The chart reveals that the mean math score for males is approximately 68.73, indicating a relatively higher average performance in math compared to females . On the other hand,females have a mean math score of around 63.63, suggesting a slightly lower average performance in math compared to males . These findings highlight a gender-based difference in math scores, with males demonstrating a higher average math score compared to females.

Math Scores based on Race

Code
# Calculate mean math score by race
mean_scores <- data %>%
  group_by(race) %>%
  summarise(mean_math_score = mean(math_score))

# bar chart
ggplot(data, aes(x = race, y = math_score)) +
  geom_bar(stat = "summary", fun = "mean", fill = "steelblue") +
  labs(x = "Race", y = "Math Score", 
       title = "Math Scores by Race") +
  theme_minimal() +
  geom_text(data = mean_scores, aes(x = race, y = mean_math_score, 
                                   label = paste0("Mean: ", round(mean_math_score, 2))),
            vjust = -0.5, color = "black")

These findings highlight the variations in math scores across different race categories, with Group E demonstrating the highest average score and Group A showing the lowest average score performance.
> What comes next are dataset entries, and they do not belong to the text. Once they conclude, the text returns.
lemma consumption_candidate_exists:
  fixes a k c l x :: real
  assumes "a > 0" "0 < k" "k < 1" "l > 0" "c + l > 0" "x > 0"
  obtains z0 where "consumption_candidate a k c l z0" "consumption_candidate.wealth a k c l z0 0 = x"
proof -
  define C where "C = (1 - k) powr (1 - 1 / k) * a powr (- (1 / k)) * (c + l) powr (1 / k - 1)"
  have C: "C > 0"
    unfolding C_def using assms by simp
  obtain z0 where z0: "0 < z0" "z0 < 1" "inc_beta (1 / k) z0 = x / C"
    using inc_beta_surj[of "1 / k" "x / C"] C assms by auto
  interpret consumption_candidate a k c l z0
    using assms z0 by unfold_locales auto
  have "wealth_coeff = C"
    unfolding wealth_coeff_def C_def b_def rho_def by simp
  then have "wealth 0 = x"
    using C z0(3) by (simp add: wealth_0 b_def)
  then show ?thesis
    using that consumption_candidate_axioms by blast
qed

theorem mainTheorem1:
  fixes a k c l x :: real
  assumes "a > 0" and "0 < k" and "k < 1" and "l > 0" and "c + l > 0" and "x > 0"
  shows "x = (1 - k) powr (1 - 1 / k) * a powr (- 1 / k) * l powr (- 1 / k)
             * (c + l) powr (1 / k - 1)
             * (vhat a k c l x * (c + l) + l) powr (1 / k)
             * hyp2F1 (1 / k) (1 / k) (1 + 1 / k) ((l + vhat a k c l x * (c + l)) / l)
    \<and> (let w0 = c * vhat a k c l x + l + l * vhat a k c l x;
             \<gamma>s = (\<lambda>t. if t \<ge> 0 then
                  (1 - k) powr (- 1 / k) * a powr (- 1 / k) * l powr (- 1 / k) * (c + l) powr (1 / k)
                  * (w0 * exp (k * t * (c + l) / (k - 1))) powr (1 / k)
                  * (1 - w0 * exp (k * t * (c + l) / (k - 1)) / l) powr (- 1 / k)
                 else 0)
         in admissible x \<gamma>s \<and> objective a k c l \<gamma>s = vhat a k c l x)"
proof -
  obtain z0 where "consumption_candidate a k c l z0" and x: "consumption_candidate.wealth a k c l z0 0 = x"
    using consumption_candidate_exists[OF assms] .
  then interpret consumption_candidate a k c l z0
    by simp
  have vhat: "vhat a k c l x = - costate 0"
    using vhat_wealth unfolding x .
  have w: "vhat a k c l x * (c + l) + l = l * z0"
    using l_pos cl_pos unfolding vhat costate_0 rho_def by (simp add: field_simps)
  then have w0: "c * vhat a k c l x + l + l * vhat a k c l x = l * z0"
    and z0: "(l + vhat a k c l x * (c + l)) / l = z0"
    using l_pos by (simp_all add: algebra_simps)
  have "x = (1 - k) powr (1 - 1 / k) * a powr (- 1 / k) * l powr (- 1 / k) * (c + l) powr (1 / k - 1)
      * (l * z0) powr (1 / k) * hyp2F1 (1 / k) (1 / k) (1 + 1 / k) z0"
    using wealth_0_closed_form unfolding x .
  moreover have "admissible x policy"
    using policy_admissible unfolding x .
  moreover have "objective a k c l policy = vhat a k c l x"
    using objective_policy unfolding vhat .
  ultimately show ?thesis
    unfolding w w0 z0 Let_def policy_closed_form[symmetric] by blast
qed

end
theory Submission
  imports Defs
begin

text \<open>The distance \<open>bd\<close> has an explicit form: \<open>bd [x] [y] = (1/2)^n\<close> for the largest \<open>n\<close>
  such that \<open>x\<close> and \<open>y\<close> are \<open>n\<close>-step bisimilar, and \<open>0\<close> if they are \<open>n\<close>-step bisimilar for
  every \<open>n\<close>. This function is a fixpoint of the Hausdorff lifting because the lifting halves the
  distance of successors, and every pseudometric fixpoint dominates it, by induction on the depth
  at which \<open>x\<close> and \<open>y\<close> are distinguished.

  Simultaneous substitution preserves \<open>n\<close>-step bisimilarity: a transition of \<open>e[\<sigma>]\<close> comes
  either from an output \<open>v\<close> of \<open>e\<close> followed by a transition of \<open>\<sigma> v\<close>, or from a transition
  of \<open>e\<close> followed by the substitution (up to alpha-equivalence). Hence if the right-hand maximum
  is at most \<open>(1/2)^n\<close>, all pairs \<open>(e, f)\<close>, \<open>(g\<^sub>j, h\<^sub>j)\<close> are \<open>n\<close>-step bisimilar, and so
  are the two substitution instances; since the maximum is itself the distance of one of these
  pairs, the inequality follows.\<close>

lemma finite_fv [simp]: "finite (fv e)"
  by (induct e) auto

lemma fresh_notin: "finite S \<Longrightarrow> fresh S \<notin> S"
  unfolding fresh_def using Max_ge[of "insert 0 S"] by fastforce

lemma subst_Mu_fresh:
  obtains w where "subst \<sigma> (Mu v e) = Mu w (subst (\<sigma>(v := Var w)) e)"
    and "\<forall>u\<in>fv e - {v}. w \<notin> fv (\<sigma> u)"
proof -
  define U where "U = (\<Union>u\<in>fv e - {v}. fv (\<sigma> u))"
  define w where "w = (if v \<in> U then fresh (U \<union> fv e) else v)"
  have "subst \<sigma> (Mu v e) = Mu w (subst (\<sigma>(v := Var w)) e)"
    by (simp add: Let_def U_def w_def)
  moreover have "\<forall>u\<in>fv e - {v}. w \<notin> fv (\<sigma> u)"
    using fresh_notin[of "U \<union> fv e"] by (auto simp: w_def U_def)
  ultimately show thesis by (rule that)
qed

lemma subst_cong: "(\<And>u. u \<in> fv x \<Longrightarrow> \<sigma> u = \<tau> u) \<Longrightarrow> subst \<sigma> x = subst \<tau> x"
proof (induct x arbitrary: \<sigma> \<tau>)
  case (Mu v e)
  have U: "(\<Union>u\<in>fv e - {v}. fv (\<sigma> u)) = (\<Union>u\<in>fv e - {v}. fv (\<tau> u))"
    using Mu.prems by (intro SUP_cong) auto
  have "subst (\<sigma>(v := Var w)) e = subst (\<tau>(v := Var w)) e" for w
    by (rule Mu.hyps) (use Mu.prems in auto)
  then show ?case
    unfolding subst.simps Let_def U by presburger
next
  case (Plus e f)
  then show ?case by (metis UnCI fv.simps(4) subst.simps(4))
next
  case (Act a e)
  then show ?case by (metis fv.simps(3) subst.simps(3))
qed simp_all

lemma subst_Var [simp]: "subst Var x = x"
proof (induct x)
  case (Mu v e)
  then show ?case by (simp add: Let_def)
qed auto

lemma subst_id: "(\<And>u. u \<in> fv x \<Longrightarrow> \<sigma> u = Var u) \<Longrightarrow> subst \<sigma> x = x"
  using subst_cong[of x \<sigma> Var] by simp

lemma subst_upd_fresh: "w \<notin> fv x \<Longrightarrow> subst (Var(w := M)) x = x"
  by (rule subst_id) auto

lemma fv_subst: "fv (subst \<sigma> x) \<subseteq> (\<Union>u\<in>fv x. fv (\<sigma> u))"
proof (induct x arbitrary: \<sigma>)
  case (Mu v e)
  obtain w where w: "subst \<sigma> (Mu v e) = Mu w (subst (\<sigma>(v := Var w)) e)"
    "\<forall>u\<in>fv e - {v}. w \<notin> fv (\<sigma> u)" by (rule subst_Mu_fresh)
  have "fv (subst (\<sigma>(v := Var w)) e) \<subseteq> (\<Union>u\<in>fv e. fv ((\<sigma>(v := Var w)) u))"
    by (rule Mu.hyps)
  then show ?case using w by (auto split: if_splits)
qed fastforce+

inductive_simps out_simps [simp]:
  "out Zero v" "out (Var u) v" "out (Act a e) v" "out (Plus e f) v" "out (Mu w e) v"

inductive_simps step_simps [simp]:
  "step Zero a r" "step (Var u) a r" "step (Act b e) a r" "step (Plus e f) a r" "step (Mu w e) a r"

lemma out_fv: "out x v \<Longrightarrow> v \<in> fv x"
  by (induct rule: out.induct) auto

lemma step_fv: "step x a x' \<Longrightarrow> fv x' \<subseteq> fv x"
proof (induct rule: step.induct)
  case (4 e a e' v)
  have "fv (subst (Var(v := Mu v e)) e') \<subseteq> (\<Union>u\<in>fv e'. fv ((Var(v := Mu v e)) u))"
    by (rule fv_subst)
  also have "\<dots> \<subseteq> fv (Mu v e)" using 4 by (auto split: if_splits)
  finally show ?case .
qed auto

lemma out_subst: "out (subst \<sigma> s) v \<longleftrightarrow> (\<exists>u. out s u \<and> out (\<sigma> u) v)"
proof (induct s arbitrary: \<sigma>)
  case (Mu y e)
  obtain w where w: "subst \<sigma> (Mu y e) = Mu w (subst (\<sigma>(y := Var w)) e)"
    "\<forall>u\<in>fv e - {y}. w \<notin> fv (\<sigma> u)" by (rule subst_Mu_fresh)
  have "out (subst \<sigma> (Mu y e)) v \<longleftrightarrow> out (subst (\<sigma>(y := Var w)) e) v \<and> v \<noteq> w"
    unfolding w(1) by simp
  also have "\<dots> \<longleftrightarrow> (\<exists>u. out e u \<and> out ((\<sigma>(y := Var w)) u) v) \<and> v \<noteq> w"
    using Mu.hyps by simp
  also have "\<dots> \<longleftrightarrow> (\<exists>u. out (Mu y e) u \<and> out (\<sigma> u) v)"
    using w(2) out_fv[of e] out_fv[of "\<sigma> _" v] by auto
  finally show ?case .
qed auto

section \<open>Alpha-equivalence\<close>

text \<open>Since \<open>subst\<close> renames bound variables, substitution commutes with transitions only up to
  alpha-equivalence, which is decided by comparing de Bruijn forms.\<close>

datatype 'a lexp = LZero | LFree nat | LBound nat | LAct 'a "'a lexp" | LPlus "'a lexp" "'a lexp" | LMu "'a lexp"

primrec idx :: "nat list \<Rightarrow> nat \<Rightarrow> nat" where
  "idx [] u = 0"
| "idx (x # xs) u = (if x = u then 0 else Suc (idx xs u))"

text \<open>De Bruijn form of an expression in which the variables of the list \<open>S\<close> are bound,
  the head of \<open>S\<close> by the innermost \<open>\<mu>\<close>.\<close>
primrec db :: "nat list \<Rightarrow> 'a exp \<Rightarrow> 'a lexp" where
  "db S Zero = LZero"
| "db S (Var u) = (if u \<in> set S then LBound (idx S u) else LFree u)"
| "db S (Act a e) = LAct a (db S e)"
| "db S (Plus e f) = LPlus (db S e) (db S f)"
| "db S (Mu v e) = LMu (db (v # S) e)"

primrec lsubst :: "(nat \<Rightarrow> 'a lexp) \<Rightarrow> 'a lexp \<Rightarrow> 'a lexp" where
  "lsubst g LZero = LZero"
| "lsubst g (LFree u) = g u"
| "lsubst g (LBound i) = LBound i"
| "lsubst g (LAct a t) = LAct a (lsubst g t)"
| "lsubst g (LPlus t1 t2) = LPlus (lsubst g t1) (lsubst g t2)"
| "lsubst g (LMu t) = LMu (lsubst g t)"

primrec lfv :: "'a lexp \<Rightarrow> nat set" where
  "lfv LZero = {}"
| "lfv (LFree u) = {u}"
| "lfv (LBound i) = {}"
| "lfv (LAct a t) = lfv t"
| "lfv (LPlus t1 t2) = lfv t1 \<union> lfv t2"
| "lfv (LMu t) = lfv t"

primrec lopen :: "nat \<Rightarrow> nat \<Rightarrow> 'a lexp \<Rightarrow> 'a lexp" where
  "lopen z k LZero = LZero"
| "lopen z k (LFree u) = LFree u"
| "lopen z k (LBound i) = (if i = k then LFree z else LBound i)"
| "lopen z k (LAct a t) = LAct a (lopen z k t)"
| "lopen z k (LPlus t1 t2) = LPlus (lopen z k t1) (lopen z k t2)"
| "lopen z k (LMu t) = LMu (lopen z (Suc k) t)"

primrec lout :: "'a lexp \<Rightarrow> nat \<Rightarrow> bool" where
  "lout LZero v = False"
| "lout (LFree u) v = (u = v)"
| "lout (LBound i) v = False"
| "lout (LAct a t) v = False"
| "lout (LPlus t1 t2) v = (lout t1 v \<or> lout t2 v)"
| "lout (LMu t) v = lout t v"

definition alpha_equiv :: "'a exp \<Rightarrow> 'a exp \<Rightarrow> bool" where
  "alpha_equiv x y \<longleftrightarrow> db [] x = db [] y"

lemma idx_less: "u \<in> set S \<Longrightarrow> idx S u < length S"
  by (induct S) auto

lemma idx_append_in: "u \<in> set S \<Longrightarrow> idx (S @ T) u = idx S u"
  by (induct S) auto

lemma idx_append_notin: "u \<notin> set S \<Longrightarrow> idx (S @ T) u = length S + idx T u"
  by (induct S) auto

lemma lfv_db: "lfv (db S x) = fv x - set S"
  by (induct x arbitrary: S) auto

lemma lsubst_cong: "(\<And>u. u \<in> lfv t \<Longrightarrow> f u = g u) \<Longrightarrow> lsubst f t = lsubst g t"
  by (induct t) auto

lemma lsubst_lsubst: "lsubst g (lsubst f t) = lsubst (\<lambda>u. lsubst g (f u)) t"
  by (induct t) auto

lemma lsubst_LFree: "(\<And>u. u \<in> lfv t \<Longrightarrow> f u = LFree u) \<Longrightarrow> lsubst f t = t"
  by (induct t) auto

lemma db_append: "(\<And>u. u \<in> fv y \<Longrightarrow> u \<in> set S \<Longrightarrow> u \<in> set T) \<Longrightarrow> db (T @ S) y = db T y"
proof (induct y arbitrary: T)
  case (Var u)
  then show ?case by (auto simp: idx_append_in)
next
  case (Mu v e)
  have "db ((v # T) @ S) e = db (v # T) e" by (rule Mu.hyps) (use Mu.prems in auto)
  then show ?case by simp
qed fastforce+

lemma db_closed: "fv y \<inter> set S = {} \<Longrightarrow> db S y = db [] y"
  using db_append[of y S "[]"] by auto

lemma db_lopen: "db S x = lopen z (length S) (db (S @ [z]) x)"
proof (induct x arbitrary: S)
  case (Var u)
  then show ?case
    by (cases "u \<in> set S") (auto simp: idx_append_in idx_append_notin dest: idx_less)
next
  case (Act a e)
  show ?case using Act.hyps[of S] by simp
next
  case (Plus e f)
  show ?case using Plus.hyps[of S] by simp
next
  case (Mu v e)
  show ?case using Mu.hyps[of "v # S"] by simp
qed simp

lemma db_singleton_eqD: "db [v] x = db [v] y \<Longrightarrow> db [] x = db [] y"
  using db_lopen[of "[]" x v] db_lopen[of "[]" y v] by simp

lemma lout_db: "lout (db S x) v \<longleftrightarrow> out x v \<and> v \<notin> set S"
  by (induct x arbitrary: S) auto

text \<open>The hypothesis: \<open>\<sigma>\<close> renames each variable bound by \<open>S\<close> to the variable bound by \<open>S'\<close>
  at the same index, and sends the other variables to terms with no free variable in \<open>S'\<close>.\<close>
lemma db_subst:
  assumes "length S = length S'"
    and "\<And>u. u \<in> fv x \<Longrightarrow>
      (u \<in> set S \<longrightarrow> \<sigma> u = Var (S' ! idx S u) \<and> idx S' (S' ! idx S u) = idx S u)
      \<and> (u \<notin> set S \<longrightarrow> fv (\<sigma> u) \<inter> set S' = {})"
  shows "db S' (subst \<sigma> x) = lsubst (\<lambda>u. db [] (\<sigma> u)) (db S x)"
  using assms
proof (induct x arbitrary: S S' \<sigma>)
  case (Var u)
  show ?case
  proof (cases "u \<in> set S")
    case True
    then have "S' ! idx S u \<in> set S'" using Var.prems(1) idx_less[OF True] by simp
    then show ?thesis using Var.prems True by simp
  next
    case False
    then show ?thesis using Var.prems db_closed[of "\<sigma> u" S'] by simp
  qed
next
  case (Mu v e)
  obtain w where w: "subst \<sigma> (Mu v e) = Mu w (subst (\<sigma>(v := Var w)) e)"
    "\<forall>u\<in>fv e - {v}. w \<notin> fv (\<sigma> u)" by (rule subst_Mu_fresh)
  have "db (w # S') (subst (\<sigma>(v := Var w)) e)
      = lsubst (\<lambda>u. db [] ((\<sigma>(v := Var w)) u)) (db (v # S) e)"
  proof (rule Mu.hyps)
    fix u assume u: "u \<in> fv e"
    show "(u \<in> set (v # S) \<longrightarrow> (\<sigma>(v := Var w)) u = Var ((w # S') ! idx (v # S) u) \<and>
            idx (w # S') ((w # S') ! idx (v # S) u) = idx (v # S) u) \<and>
          (u \<notin> set (v # S) \<longrightarrow> fv ((\<sigma>(v := Var w)) u) \<inter> set (w # S') = {})"
    proof (cases "u = v")
      case False
      then have "u \<in> fv (Mu v e)" and "w \<notin> fv (\<sigma> u)" using u w(2) by auto
      then show ?thesis using Mu.prems(2) False by auto
    qed simp
  qed (use Mu.prems in simp)
  also have "\<dots> = lsubst (\<lambda>u. db [] (\<sigma> u)) (db (v # S) e)"
    by (rule lsubst_cong) (auto simp: lfv_db)
  finally show ?case using w(1) by simp
next
  case (Act a e)
  have "db S' (subst \<sigma> e) = lsubst (\<lambda>u. db [] (\<sigma> u)) (db S e)"
    using Act.prems by (auto intro!: Act.hyps)
  then show ?case by simp
next
  case (Plus e f)
  have "db S' (subst \<sigma> e) = lsubst (\<lambda>u. db [] (\<sigma> u)) (db S e)"
    "db S' (subst \<sigma> f) = lsubst (\<lambda>u. db [] (\<sigma> u)) (db S f)"
    using Plus.prems by (auto intro!: Plus.hyps)
  then show ?case by simp
qed simp

lemma db_subst_Nil: "db [] (subst \<sigma> x) = lsubst (\<lambda>u. db [] (\<sigma> u)) (db [] x)"
  by (rule db_subst) auto

lemma alpha_equiv_subst_subst: "alpha_equiv (subst \<sigma>2 (subst \<sigma>1 x)) (subst (\<lambda>u. subst \<sigma>2 (\<sigma>1 u)) x)"
  by (simp add: alpha_equiv_def db_subst_Nil lsubst_lsubst)

lemma alpha_equiv_subst:
  "alpha_equiv x y \<Longrightarrow> (\<And>u. u \<in> fv x \<Longrightarrow> alpha_equiv (\<sigma> u) (\<tau> u))
    \<Longrightarrow> alpha_equiv (subst \<sigma> x) (subst \<tau> y)"
proof -
  assume xy: "alpha_equiv x y" and \<sigma>\<tau>: "\<And>u. u \<in> fv x \<Longrightarrow> alpha_equiv (\<sigma> u) (\<tau> u)"
  have "lsubst (\<lambda>u. db [] (\<sigma> u)) (db [] x) = lsubst (\<lambda>u. db [] (\<tau> u)) (db [] x)"
    by (rule lsubst_cong) (use \<sigma>\<tau> in \<open>simp add: lfv_db alpha_equiv_def\<close>)
  with xy show ?thesis
    unfolding alpha_equiv_def db_subst_Nil by simp
qed
lemma lifted_ostat_eq_iff:
  assumes "n > 0"
  shows "lifted_ostat n a k = y \<longleftrightarrow>
    lifted_count n a y \<le> k \<and> k < lifted_count n a y + int (card {i. i < n \<and> y - a i \<in> \<int>})"
    (is "_ \<longleftrightarrow> _ \<and> k < ?jump")
proof
  assume y: "lifted_ostat n a k = y"
  obtain u where "0 < u" "lifted_count n a (y + u) = ?jump"
    using eventually_at_right_0_witness[OF eventually_lifted_count_right zero_less_one] by blast
  moreover have "k < lifted_count n a (y + u)"
    using y \<open>0 < u\<close> by (intro less_lifted_count_above_ostat[OF assms]) simp
  ultimately show "lifted_count n a y \<le> k \<and> k < ?jump"
    using y lifted_count_ostat_le[OF assms, of a k] by simp
next
  assume bounds: "lifted_count n a y \<le> k \<and> k < ?jump"
  show "lifted_ostat n a k = y"
    unfolding lifted_ostat_def
  proof (rule cSup_eq_maximum)
    show "y \<in> {y. lifted_count n a y \<le> k}" using bounds by simp
    fix x assume x: "x \<in> {y. lifted_count n a y \<le> k}"
    show "x \<le> y"
    proof (rule ccontr)
      assume "\<not> x \<le> y"
      then obtain u where "0 < u" "u < x - y" "lifted_count n a (y + u) = ?jump"
        using eventually_at_right_0_witness[OF eventually_lifted_count_right, of "x - y" n a y]
        by auto
      then show False
        using x bounds lifted_count_mono[of "y + u" x n a] by simp
    qed
  qed
qed

lemma lifted_ostat_add_int:
  assumes "n > 0"
  shows "lifted_ostat n a (k + int n * m) = lifted_ostat n a k + of_int m"
proof -
  let ?y = "lifted_ostat n a k"
  have "{i. i < n \<and> ?y + of_int m - a i \<in> \<int>} = {i. i < n \<and> ?y - a i \<in> \<int>}"
  proof -
    have "x + of_int m \<in> \<int> \<longleftrightarrow> x \<in> \<int>" for x :: real
      by (metis Ints_add Ints_diff Ints_of_int add_diff_cancel_right')
    then show ?thesis by (metis diff_add_eq)
  qed
  then show ?thesis
    using lifted_ostat_eq_iff[OF assms, of a k ?y]
    by (subst lifted_ostat_eq_iff[OF assms]) (simp add: lifted_count_add_int)
qed

lemma lifted_ostat_mod:
  assumes "n > 0"
  shows "lifted_ostat n a k = lifted_ostat n a (k mod int n) + of_int (k div int n)"
  using lifted_ostat_add_int[OF assms, of a "k mod int n" "k div int n"] by simp

lemma lifted_ostat_shift:
  assumes "\<forall>i<n. b i = a i + of_int (m i)"
  shows "lifted_ostat n b k = lifted_ostat n a (k + (\<Sum>i<n. m i))"
  unfolding lifted_ostat_def lifted_count_shift[OF assms] by (simp add: algebra_simps)

lemma ostat_eq_lifted_ostat:
  assumes "\<forall>i<n. 0 \<le> p i \<and> p i < 1"
  shows "ostat n p v k t = lifted_ostat n (\<lambda>i. p i + v i * t) k"
  unfolding ostat_def lifted_ostat_def cnt_eq_lifted_count[OF assms] ..

definition circle_config :: "nat \<Rightarrow> (nat \<Rightarrow> real) \<Rightarrow> bool" where
  "circle_config n p \<longleftrightarrow> (\<forall>i<n. 0 \<le> p i \<and> p i < 1) \<and> inj_on p {..<n}"

lemma circle_configD: "circle_config n p \<Longrightarrow> i < n \<Longrightarrow> 0 \<le> p i \<and> p i < 1"
  unfolding circle_config_def by simp

lemma circle_config_diff_in_Ints_iff:
  assumes "circle_config n p" "i < n" "j < n"
  shows "p i - p j \<in> \<int> \<longleftrightarrow> i = j"
proof
  assume "p i - p j \<in> \<int>"
  then obtain m where m: "p i - p j = of_int m" by (elim Ints_cases)
  moreover have "\<bar>p i - p j\<bar> < 1"
    using circle_configD[OF assms(1,2)] circle_configD[OF assms(1,3)] by linarith
  ultimately have "m = 0" by linarith
  then have "p i = p j" using m by simp
  then show "i = j" using assms unfolding circle_config_def by (auto dest: inj_onD)
qed simp

lemma rank_eq_lifted_count:
  assumes "circle_config n p" "i < n"
  shows "int (rank n p i) = lifted_count n p (p i)"
proof -
  have "\<lceil>p i - p j\<rceil> = of_bool (p j < p i)" if "j < n" for j
    using circle_configD[OF assms] circle_configD[OF assms(1) that] by (simp add: ceiling_eq_iff)
  then show ?thesis by (simp add: rank_def lifted_count_def Int_def)
qed

lemma lifted_ostat_rank:
  assumes "circle_config n p" "i < n"
  shows "lifted_ostat n p (rank n p i) = p i"
proof -
  have "{j. j < n \<and> p i - p j \<in> \<int>} = {i}"
    using circle_config_diff_in_Ints_iff[OF assms(1)] assms(2) by auto
  then show ?thesis
    using assms by (subst lifted_ostat_eq_iff) (auto simp: rank_eq_lifted_count)
qed

lemma rank_less: "i < n \<Longrightarrow> rank n p i < n"
proof -
  assume "i < n"
  then have "{j. j < n \<and> p j < p i} \<subset> {..<n}" by auto
  then show ?thesis unfolding rank_def by (metis card_lessThan finite_lessThan psubset_card_mono)
qed

lemma rank_less_iff:
  assumes "circle_config n p" "i < n" "j < n"
  shows "rank n p i < rank n p j \<longleftrightarrow> p i < p j"
proof
  assume "p i < p j"
  then have "{l. l < n \<and> p l < p i} \<subset> {l. l < n \<and> p l < p j}" using assms(2) by auto
  then show "rank n p i < rank n p j" unfolding rank_def by (intro psubset_card_mono) auto
next
  assume less: "rank n p i < rank n p j"
  show "p i < p j"
  proof (rule ccontr)
    assume "\<not> p i < p j"
    then have "{l. l < n \<and> p l < p j} \<subseteq> {l. l < n \<and> p l < p i}" by auto
    then have "rank n p j \<le> rank n p i" unfolding rank_def by (intro card_mono) auto
    then show False using less by simp
  qed
qed

lemma bij_betw_rank:
  assumes "circle_config n p"
  shows "bij_betw (rank n p) {..<n} {..<n}"
proof -
  have "inj_on (rank n p) {..<n}"
  proof (rule inj_onI)
    fix i j assume "i \<in> {..<n}" "j \<in> {..<n}" "rank n p i = rank n p j"
    then have "\<not> p i < p j" "\<not> p j < p i"
      using rank_less_iff[OF assms, of i j] rank_less_iff[OF assms, of j i] by simp_all
    then have "p i = p j" by linarith
    then show "i = j" using assms \<open>i \<in> {..<n}\<close> \<open>j \<in> {..<n}\<close>
      unfolding circle_config_def by (auto dest: inj_onD)
  qed
  moreover have "rank n p ` {..<n} \<subseteq> {..<n}" using rank_less by auto
  ultimately show ?thesis by (simp add: bij_betw_def endo_inj_surj)
qed

lemma lifted_ostat_range:
  assumes "circle_config n p" "0 \<le> k" "k < int n"
  shows "0 \<le> lifted_ostat n p k \<and> lifted_ostat n p k < 1"
proof -
  have "nat k \<in> rank n p ` {..<n}"
    using bij_betw_rank[OF assms(1)] assms(2,3) unfolding bij_betw_def by simp
  then obtain i where "i < n" "k = int (rank n p i)" using assms(2) by force
  then show ?thesis using lifted_ostat_rank[OF assms(1)] circle_configD[OF assms(1)] by simp
qed

lemma cnt_cong: "\<forall>i<n. p i = q i \<Longrightarrow> cnt n p v t y = cnt n q v t y"
  unfolding cnt_def
  by (intro arg_cong2[where f = "(-)"] arg_cong[where f = int] arg_cong[where f = card]) auto

lemma ostat_cong:
  assumes "\<forall>i<n. p i = q i"
  shows "ostat n p v k t = ostat n q v k t"
  unfolding ostat_def using cnt_cong[OF assms] by simp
Math Scores based on Parents Education Level

Code
# bar chart
ggplot(data, aes(x = parent_education, y = math_score)) +
  geom_bar(stat = "summary", fun = "mean", fill = "steelblue") +
  labs(x = "Parental Education Level", y = "Math Score", 
       title = "Math Scores by Parental Education Level") +
  theme_minimal()

Even thought there is a little difference in the math scores there is not significant difference based on their parents education level

Code
library(ggplot2)
library(dplyr)

# Calculate mean math score by lunch type
mean_scores <- data %>%
  group_by(lunch) %>%
  summarise(mean_math_score = mean(math_score))

# bar chart
ggplot(data, aes(x = lunch, y = math_score)) +
  geom_bar(stat = "summary", fun = "mean", fill = "steelblue") +
  labs(x = "Lunch Type", y = "Math Score",
       title = "Math Scores by Lunch Type") +
  theme_minimal() +
  geom_text(data = mean_scores, aes(x = lunch, y = mean_math_score,
                                   label = paste0("Mean: ", round(mean_math_score, 2))),
            vjust = -0.5, color = "black")

It is interesting to see the math score of students based on their lunch type. Students how are taking standard meal are performing better at math as compared to people taking free or reduced lunch option.

Correlation Matrix of Math, Reading, and Writing Scores

Code
num_data <- data[, c( "math_score", "reading_score", "writing_score")]
m<-cor(num_data)
m
              math_score reading_score writing_score
math_score     1.0000000     0.8175797     0.8026420
reading_score  0.8175797     1.0000000     0.9545981
writing_score  0.8026420     0.9545981     1.0000000
Code
corrplot(m, method="circle", type='upper', tl.cex=0.8, tl.col = 'black')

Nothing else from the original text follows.